These contributions represent important first steps in explaining the factors that create and sustain the competitiveness of high technology firms. However, these studies are often devoid of empirical examination and largely focus on high technology investment. Empirical research on high technology trade has been hampered by lack of reliable data. There is a need for an in-depth examination of important factors that influence high technology exports to address any policy prescriptions.

CONCEPTUAL FRAMEWORK

Contemporary research provides two major explanations as to why a nation's firms are able to create and sustain export performance in high technology industries. One focuses on factors internal to the firm such as technology management and strategy, while the other explanation focuses on factors external to the firm such as government policy, availability of human and natural resources, economic conditions etc. This paper will focus on the latter and tries to establish some of the major external influences of a nation's high technology exports.

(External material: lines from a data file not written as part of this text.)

(* Let $\mathcal E$ be a nonlinear Dirichlet form on $L^2(\mu)$ (so that $\mathcal E_e$ exists). (a) For every $h\in\ker\|\cdot\|_{L_e}$ and every $\alpha\ge0$ the set $\{h>\alpha\}$ is $\mathcal E$-invariant. (b) If $\mathcal E$ is irreducible, then $\ker\|\cdot\|_{L_e}\subseteq\mathbb R\cdot1$.
   Context: $(X,\mathfrak A,\mu)$ is $\sigma$-finite; $L^0(\mu)$ carries local convergence in measure. A nonlinear Dirichlet form is a lower semicontinuous convex $\mathcal E\colon L^2(\mu)\to[0,\infty]$ with $\mathcal E(-f)=\mathcal E(f)$, $\mathcal E(0)=0$, such that $\mathcal E(f+Cg)+\mathcal E(f-Cg)\le\mathcal E(f+g)+\mathcal E(f-g)$ for all $f,g$ and every 1-Lipschitz $C\colon\mathbb R\to\mathbb R$ with $C(0)=0$. $\mathcal E_e$ is the lower semicontinuous relaxation on $L^0(\mu)$ (w.r.t. local convergence in measure) of $\mathcal E$ extended by $+\infty$ outside $L^2(\mu)$; $M(\mathcal E_e)=\{f:\lim_{\lambda\to0+}\mathcal E_e(\lambda f)=0\}$ and $\|f\|_{L_e}=\inf\{\lambda>0:\mathcal E_e(\lambda^{-1}f)\le1\}$ on $M(\mathcal E_e)$. A measurable $A\subseteq X$ is $\mathcal E$-invariant if $\mathcal E(1_Af)\le\mathcal E(f)$ for all $f\in L^2(\mu)$; $\mathcal E$ is irreducible if every $\mathcal E$-invariant set is null or co-null. *)

theory Defs
  imports "HOL-Analysis.Analysis"
begin

definition L2 :: "'a measure \<Rightarrow> ('a \<Rightarrow> real) \<Rightarrow> bool" where
  "L2 M f \<longleftrightarrow> f \<in> borel_measurable M \<and> integrable M (\<lambda>x. (f x)\<^sup>2)"

text \<open>Nonlinear Dirichlet form on L^2(mu); E is only relevant on L^2 functions and
  respects equality almost everywhere (i.e. it is a function on L^2 classes).\<close>
definition nonlinear_dirichlet_form :: "'a measure \<Rightarrow> (('a \<Rightarrow> real) \<Rightarrow> ennreal) \<Rightarrow> bool" where
  "nonlinear_dirichlet_form M E \<longleftrightarrow>
     (\<forall>f g. L2 M f \<longrightarrow> L2 M g \<longrightarrow> (AE x in M. f x = g x) \<longrightarrow> E f = E g) \<and>
     (\<forall>f g t. L2 M f \<longrightarrow> L2 M g \<longrightarrow> 0 \<le> t \<longrightarrow> t \<le> 1 \<longrightarrow>
        E (\<lambda>x. t * f x + (1 - t) * g x) \<le> ennreal t * E f + ennreal (1 - t) * E g) \<and>
     (\<forall>fs f. (\<forall>n. L2 M (fs n)) \<longrightarrow> L2 M f \<longrightarrow>
        ((\<lambda>n. integral\<^sup>L M (\<lambda>x. (fs n x - f x)\<^sup>2)) \<longlonglongrightarrow> 0) \<longrightarrow>
        E f \<le> liminf (\<lambda>n. E (fs n))) \<and>
     (\<forall>f. L2 M f \<longrightarrow> E (\<lambda>x. - f x) = E f) \<and>
     E (\<lambda>x. 0) = 0 \<and>
     (\<forall>f g C. L2 M f \<longrightarrow> L2 M g \<longrightarrow> (\<forall>s t. \<bar>C s - C t\<bar> \<le> \<bar>s - t\<bar>) \<longrightarrow> C 0 = 0 \<longrightarrow>
        E (\<lambda>x. f x + C (g x)) + E (\<lambda>x. f x - C (g x)) \<le> E (\<lambda>x. f x + g x) + E (\<lambda>x. f x - g x))"

definition E_ext :: "'a measure \<Rightarrow> (('a \<Rightarrow> real) \<Rightarrow> ennreal) \<Rightarrow> ('a \<Rightarrow> real) \<Rightarrow> ennreal" where
  "E_ext M E f = (if L2 M f then E f else \<infinity>)"

definition conv_loc_measure :: "'a measure \<Rightarrow> (nat \<Rightarrow> 'a \<Rightarrow> real) \<Rightarrow> ('a \<Rightarrow> real) \<Rightarrow> bool" where
  "conv_loc_measure M fs f \<longleftrightarrow> f \<in> borel_measurable M \<and> (\<forall>n. fs n \<in> borel_measurable M) \<and>
     (\<forall>A\<in>sets M. emeasure M A < \<infinity> \<longrightarrow> (\<forall>\<epsilon>>0.
        ((\<lambda>n. emeasure M (A \<inter> {x\<in>space M. \<bar>fs n x - f x\<bar> > \<epsilon>})) \<longlonglongrightarrow> 0)))"

text \<open>Lower semicontinuity w.r.t. local convergence in measure (metrizable for sigma-finite mu,
  so sequential lower semicontinuity).\<close>
definition lsc_L0 :: "'a measure \<Rightarrow> (('a \<Rightarrow> real) \<Rightarrow> ennreal) \<Rightarrow> bool" where
  "lsc_L0 M G \<longleftrightarrow> (\<forall>fs f. conv_loc_measure M fs f \<longrightarrow> G f \<le> liminf (\<lambda>n. G (fs n)))"

definition E_e :: "'a measure \<Rightarrow> (('a \<Rightarrow> real) \<Rightarrow> ennreal) \<Rightarrow> ('a \<Rightarrow> real) \<Rightarrow> ennreal" where
  "E_e M E f = (SUP G \<in> {G. lsc_L0 M G \<and> (\<forall>g. G g \<le> E_ext M E g)}. G f)"

definition M_Ee :: "'a measure \<Rightarrow> (('a \<Rightarrow> real) \<Rightarrow> ennreal) \<Rightarrow> ('a \<Rightarrow> real) set" where
  "M_Ee M E = {f. f \<in> borel_measurable M \<and>
     ((\<lambda>l. E_e M E (\<lambda>x. l * f x)) \<longlongrightarrow> 0) (at_right (0::real))}"

definition norm_Le :: "'a measure \<Rightarrow> (('a \<Rightarrow> real) \<Rightarrow> ennreal) \<Rightarrow> ('a \<Rightarrow> real) \<Rightarrow> real" where
  "norm_Le M E f = Inf {l::real. l > 0 \<and> E_e M E (\<lambda>x. f x / l) \<le> 1}"

definition ker_Le :: "'a measure \<Rightarrow> (('a \<Rightarrow> real) \<Rightarrow> ennreal) \<Rightarrow> ('a \<Rightarrow> real) set" where
  "ker_Le M E = {f \<in> M_Ee M E. norm_Le M E f = 0}"

definition E_invariant :: "'a measure \<Rightarrow> (('a \<Rightarrow> real) \<Rightarrow> ennreal) \<Rightarrow> 'a set \<Rightarrow> bool" where
  "E_invariant M E A \<longleftrightarrow> A \<in> sets M \<and>
     (\<forall>f. L2 M f \<longrightarrow> E (\<lambda>x. indicator A x * f x) \<le> E f)"

definition E_irreducible :: "'a measure \<Rightarrow> (('a \<Rightarrow> real) \<Rightarrow> ennreal) \<Rightarrow> bool" where
  "E_irreducible M E \<longleftrightarrow> (\<forall>A. E_invariant M E A \<longrightarrow>
     emeasure M A = 0 \<or> emeasure M (space M - A) = 0)"

end

theory Submission
  imports Defs
begin

(*
  For h in the kernel, E_e (h / l) <= 1 for arbitrarily small l > 0. Write clip u a for the
  truncation of a to [-u, u]. For f in L^2, 0 < l <= 1 and b >= 0 the contraction property gives
  E (clip (l g - b)^+ f) <= E f + 2 l E g, so the functional
    G g = (if E f + 4 l < E (clip (l g - b)^+ f) then 2 else 0)
  lies below E extended by infinity. The map g |-> clip (l g - b)^+ f is Lipschitz and dominated
  by |f|, so it turns local convergence in measure into L^2 convergence, and G is lower
  semicontinuous. Hence G <= E_e, and evaluating at g = h / l with l -> 0 yields
  E (clip (S (h - alpha))^+ f) <= E f for every S > 0. As S -> infinity these truncations tend
  to 1_{h > alpha} f in L^2, and lower semicontinuity of E gives the invariance of {h > alpha}.
  Since E_e is even, -h lies in the kernel as well; under irreducibility every level set
  {h > alpha}, {-h > alpha} with alpha >= 0 is null or co-null, which forces h to be a.e. constant.
*)

lemma L2_measurable: "L2 M f \<Longrightarrow> f \<in> borel_measurable M"
  unfolding L2_def by simp

lemma L2_zero: "L2 M (\<lambda>x. 0)"
  unfolding L2_def by simp

lemma L2_bound:
  assumes "L2 M f" "L2 M g" "q \<in> borel_measurable M"
    and "\<And>x. x \<in> space M \<Longrightarrow> \<bar>q x\<bar> \<le> c * \<bar>f x\<bar> + d * \<bar>g x\<bar>"
  shows "L2 M q"
proof -
  have "integrable M (\<lambda>x. 2 * c\<^sup>2 * (f x)\<^sup>2 + 2 * d\<^sup>2 * (g x)\<^sup>2)"
    using assms(1,2) unfolding L2_def by auto
  then have "integrable M (\<lambda>x. (q x)\<^sup>2)"
  proof (rule Bochner_Integration.integrable_bound)
    show "(\<lambda>x. (q x)\<^sup>2) \<in> borel_measurable M" using assms(3) by measurable
    show "AE x in M. norm ((q x)\<^sup>2) \<le> norm (2 * c\<^sup>2 * (f x)\<^sup>2 + 2 * d\<^sup>2 * (g x)\<^sup>2)"
    proof (rule AE_I2)
      fix x assume x: "x \<in> space M"
      have "(q x)\<^sup>2 \<le> (c * \<bar>f x\<bar> + d * \<bar>g x\<bar>)\<^sup>2"
        using assms(4)[OF x] by (metis abs_le_square_iff abs_of_nonneg abs_ge_zero order_trans)
      also have "\<dots> \<le> 2 * c\<^sup>2 * (f x)\<^sup>2 + 2 * d\<^sup>2 * (g x)\<^sup>2"
        using zero_le_power2[of "c * \<bar>f x\<bar> - d * \<bar>g x\<bar>"]
        by (simp add: power2_eq_square algebra_simps)
      finally show "norm ((q x)\<^sup>2) \<le> norm (2 * c\<^sup>2 * (f x)\<^sup>2 + 2 * d\<^sup>2 * (g x)\<^sup>2)" by simp
    qed
  qed
  then show ?thesis using assms(3) unfolding L2_def by simp
qed

lemma L2_dominated:
  assumes "L2 M f" "q \<in> borel_measurable M" "\<And>x. x \<in> space M \<Longrightarrow> \<bar>q x\<bar> \<le> c * \<bar>f x\<bar>"
  shows "L2 M q"
  using L2_bound[OF assms(1) L2_zero assms(2), of c 0] assms(3) by simp

lemma L2_add:
  assumes "L2 M f" "L2 M g"
  shows "L2 M (\<lambda>x. a * f x + b * g x)"
proof (rule L2_bound[OF assms])
  have [measurable]: "f \<in> borel_measurable M" "g \<in> borel_measurable M"
    using assms by (auto dest: L2_measurable)
  show "(\<lambda>x. a * f x + b * g x) \<in> borel_measurable M"
    by measurable
  show "\<bar>a * f x + b * g x\<bar> \<le> \<bar>a\<bar> * \<bar>f x\<bar> + \<bar>b\<bar> * \<bar>g x\<bar>" for x
    by (metis abs_mult abs_triangle_ineq)
qed

lemma L2_scale: "L2 M f \<Longrightarrow> L2 M (\<lambda>x. c * f x)"
  using L2_add[of M f f c 0] by simp

lemma L2_uminus_iff [simp]: "L2 M (\<lambda>x. - f x) \<longleftrightarrow> L2 M f"
  unfolding L2_def by simp

definition clip :: "real \<Rightarrow> real \<Rightarrow> real" where
  "clip u a = max (- u) (min a u)"

lemma borel_measurable_clip [measurable]:
  "u \<in> borel_measurable M \<Longrightarrow> f \<in> borel_measurable M \<Longrightarrow> (\<lambda>x. clip (u x) (f x)) \<in> borel_measurable M"
  unfolding clip_def by (intro borel_measurable_max borel_measurable_min borel_measurable_uminus)

lemma clip_abs_le: "0 \<le> u \<Longrightarrow> \<bar>clip u a\<bar> \<le> \<bar>a\<bar>"
  unfolding clip_def by auto

lemma clip_lipschitz: "0 \<le> u \<Longrightarrow> 0 \<le> v \<Longrightarrow> \<bar>clip u a - clip v a\<bar> \<le> \<bar>u - v\<bar>"
  unfolding clip_def by auto

lemma clip_eq_self: "\<bar>a\<bar> \<le> u \<Longrightarrow> clip u a = a"
  unfolding clip_def by auto

lemma clip_zero [simp]: "clip 0 a = 0"
  unfolding clip_def by auto

lemma max0_lipschitz: "\<bar>max 0 s - max 0 t\<bar> \<le> \<bar>s - t :: real\<bar>"
  by auto

lemma L2_clip_cutoff:
  assumes "L2 M f" "g \<in> borel_measurable M"
  shows "L2 M (\<lambda>x. clip (max 0 (l * g x - b)) (f x))"
proof (rule L2_dominated[OF assms(1), of _ 1])
  show "(\<lambda>x. clip (max 0 (l * g x - b)) (f x)) \<in> borel_measurable M"
    using L2_measurable[OF assms(1)] assms(2) by measurable
qed (simp add: clip_abs_le)

locale dirichlet_form =
  fixes M :: "'a measure" and E :: "('a \<Rightarrow> real) \<Rightarrow> ennreal"
  assumes nonlinear_dirichlet_form: "nonlinear_dirichlet_form M E"
begin

lemma E_convex:
  "L2 M f \<Longrightarrow> L2 M g \<Longrightarrow> 0 \<le> t \<Longrightarrow> t \<le> 1 \<Longrightarrow>
    E (\<lambda>x. t * f x + (1 - t) * g x) \<le> ennreal t * E f + ennreal (1 - t) * E g"
  using nonlinear_dirichlet_form unfolding nonlinear_dirichlet_form_def by blast

lemma E_lsc:
  "(\<And>n. L2 M (fs n)) \<Longrightarrow> L2 M f \<Longrightarrow> ((\<lambda>n. \<integral>x. (fs n x - f x)\<^sup>2 \<partial>M) \<longlonglongrightarrow> 0) \<Longrightarrow>
    E f \<le> liminf (\<lambda>n. E (fs n))"
  using nonlinear_dirichlet_form unfolding nonlinear_dirichlet_form_def by blast

lemma E_uminus: "L2 M f \<Longrightarrow> E (\<lambda>x. - f x) = E f"
  using nonlinear_dirichlet_form unfolding nonlinear_dirichlet_form_def by blast

lemma E_zero [simp]: "E (\<lambda>x. 0) = 0"
  using nonlinear_dirichlet_form unfolding nonlinear_dirichlet_form_def by blast

lemma E_contraction:
  "L2 M f \<Longrightarrow> L2 M g \<Longrightarrow> (\<forall>s t. \<bar>C s - C t\<bar> \<le> \<bar>s - t\<bar>) \<Longrightarrow> C 0 = 0 \<Longrightarrow>
    E (\<lambda>x. f x + C (g x)) + E (\<lambda>x. f x - C (g x)) \<le> E (\<lambda>x. f x + g x) + E (\<lambda>x. f x - g x)"
  using nonlinear_dirichlet_form unfolding nonlinear_dirichlet_form_def by blast

lemma E_scale: "L2 M g \<Longrightarrow> 0 \<le> t \<Longrightarrow> t \<le> 1 \<Longrightarrow> E (\<lambda>x. t * g x) \<le> ennreal t * E g"
  using E_convex[OF _ L2_zero] by simp

lemma E_normal_contraction:
  assumes g: "L2 M g" and C: "\<forall>s t. \<bar>C s - C t\<bar> \<le> \<bar>s - t\<bar>" "C 0 = 0"
  shows "E (\<lambda>x. C (g x)) \<le> E g"
proof -
  have "continuous_on UNIV C"
    by (rule lipschitz_on_continuous_on[of 1], rule lipschitz_onI) (use C in \<open>auto simp: dist_real_def\<close>)
  then have "(\<lambda>x. C (g x)) \<in> borel_measurable M"
    by (rule measurable_compose[OF L2_measurable[OF g] borel_measurable_continuous_onI])
  then have Cg: "L2 M (\<lambda>x. C (g x))"
    by (rule L2_dominated[OF g, of _ 1]) (use C in \<open>metis diff_zero mult_1\<close>)
  have "E (\<lambda>x. 0 + C (g x)) + E (\<lambda>x. 0 - C (g x)) \<le> E (\<lambda>x. 0 + g x) + E (\<lambda>x. 0 - g x)"
    by (rule E_contraction[OF L2_zero g C])
  then have "E (\<lambda>x. C (g x)) + E (\<lambda>x. C (g x)) \<le> E g + E g"
    using E_uminus[OF Cg] E_uminus[OF g] by simp
  then show ?thesis
    by (meson add_strict_mono not_le)
qed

From the preceding literature review, a number of external conditions are expected to influence high technology exports. They include an adequate infrastructure, availability of highly skilled manpower, support personnel and services, home demand conditions and inward investment (Porter, 1990; Horwitch, 1986; Morone, 1993; Keeble and Wilkinson, 2000). Three key variables are used to examine their influence on high technology exports: National technological infrastructure; home demand conditions (sophistication of buyers), as well as inward foreign direct investment (FDI).

In establishing the theoretical model, the paper draws on Porter's diamond theory.

[FIGURE 1 OMITTED]

National Technological Infrastructure

A country's technological infrastructure is critical in supporting technology-based development. Its stock of scientific, technical manpower/knowledge and the availability of modern physical infrastructure all contribute to competitive success in knowledge intensive industries. Comparative advantage in sophisticated industries largely depends on the rate of improvement and innovation. National firms that lack adequate technological infrastructure face grave difficulties in innovating than rivals who possess them (Porter, 1990) and this will adversely affect their ability to produce and export high technology goods.

Competitive advantage in high technology is increasingly based on the possession and upgrading of created and specialized resources (Dunning, 1992). The increasing importance of these kinds of resources stems from the changing demand and supply conditions in factor markets. The market for such resources is often characterized by wide product market fluctuations and rapid technological change (Sabel, 1990; Freeman and Perez, 1988). The increasing specialization, mechanization and efficiency of production processes reduce the need for basic raw materials and unskilled labor and increase the demand for well-educated and skilled personnel. Japan's supply of highly trained electrical engineers, for example, has clearly given the country a competitive advantage in a host of industries such as robotics and consumer electronics. Conversely, its poor performance in software and aircraft can be traced to the dearth of specialized personnel (Porter et al., 2000).

A number of studies suggest that a country's trade performance in high technology products can be explained by the level of its R&D expenditures (OECD, 1995; Le, 1990). A recent study focusing on the machine tool industry also indicates that export performance correlates strongly with applied R&D activity (Kalafsky and MacPherson, 2001). Based on this literature, the state of a nation's technological infrastructure is hypothesized to influence its high technology exports.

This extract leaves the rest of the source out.